The answer should be one number, the count of lines in the data with "lceil".

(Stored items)
:::

theorem mainTheorem1:
  fixes L :: "'a::euclidean_space \<Rightarrow> real"
    and G :: "'a \<Rightarrow> 'a"
    and H :: "'a \<Rightarrow> 'a \<Rightarrow>\<^sub>L 'a"
    and x :: "nat \<Rightarrow> 'a"
    and eta lam :: real
  assumes L_grad: "\<And>y. y \<noteq> 0 \<Longrightarrow> (L has_derivative (\<lambda>h. G y \<bullet> h)) (at y)"
    and G_hess: "\<And>y. y \<noteq> 0 \<Longrightarrow> (G has_derivative blinfun_apply (H y)) (at y)"
    and H_cont: "continuous_on (- {0}) H"
    and scale_inv: "\<And>c y. c > 0 \<Longrightarrow> y \<noteq> 0 \<Longrightarrow> L (c *\<^sub>R y) = L y"
    and rho_pos: "hess_sphere_bound H > 0"
    and eta_pos: "eta > 0" and lambda_pos: "lam > 0"
    and eta_lambda: "eta * lam \<le> 1 / 2"
    and x0: "x 0 \<noteq> 0"
    and x_step: "\<And>t. x (Suc t) = (1 - eta * lam) *\<^sub>R x t - eta *\<^sub>R G (x t)"
  shows "Min ((\<lambda>t. (norm (G ((1 / norm (x t)) *\<^sub>R x t)))\<^sup>2) `
            {0 .. nat \<lceil>(1 / (2 * eta * lam)) *
               (\<bar>ln ((norm (x 0))\<^sup>2 / (hess_sphere_bound H * pi\<^sup>2 * eta))\<bar> + 3)\<rceil>})
         \<le> 8 * pi ^ 4 * (hess_sphere_bound H)\<^sup>2 * lam * eta"
proof -
  interpret scale_invariant_loss L G H
    using L_grad G_hess H_cont scale_inv rho_pos by (rule scale_invariant_loss.intro)
  interpret wd_norm_recursion "\<lambda>t. (norm (x t))^2 / (hess_sphere_bound H * eta)"
      "\<lambda>t. (norm (G ((1 / norm (x t)) *\<^sub>R x t)))^2 / (hess_sphere_bound H)^2"
      "\<lambda>t. L (x t) / hess_sphere_bound H" "eta * lam"
    using eta_pos lambda_pos eta_lambda x0 x_step by (rule wd_iterates_norm_recursion)
  define l where "l = \<bar>ln ((norm (x 0))\<^sup>2 / (hess_sphere_bound H * pi\<^sup>2 * eta))\<bar>"
  define T where "T = nat \<lceil>(1 / (2 * eta * lam)) * (l + 3)\<rceil>"
  have "(\<bar>ln ((norm (x 0))^2 / (hess_sphere_bound H * eta) / pi^2)\<bar> + 3) / (2 * (eta * lam)) = (1 / (2 * eta * lam)) * (l + 3)"
    unfolding l_def by (simp add: field_simps)
  also have "\<dots> \<le> real T"
    unfolding T_def using eta_pos lambda_pos by (intro nat_ceiling_bounds(1)) (simp add: l_def)
  finally obtain t where t: "t \<le> T"
    and "(norm (G ((1 / norm (x t)) *\<^sub>R x t)))^2 / (hess_sphere_bound H)^2 \<le> 8 * pi^4 * (eta * lam)"
    using exists_s_le by blast
  then have "(norm (G ((1 / norm (x t)) *\<^sub>R x t)))^2 \<le> 8 * pi ^ 4 * (hess_sphere_bound H)^2 * lam * eta"
    using rho_pos by (simp add: divide_le_eq mult_ac)
  moreover have "Min ((\<lambda>t. (norm (G ((1 / norm (x t)) *\<^sub>R x t)))\<^sup>2) ` {0 .. T})
      \<le> (norm (G ((1 / norm (x t)) *\<^sub>R x t)))^2"
    using t by (intro Min_le) auto
  ultimately show ?thesis unfolding T_def l_def by linarith
qed

end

:::

## Response to the task
2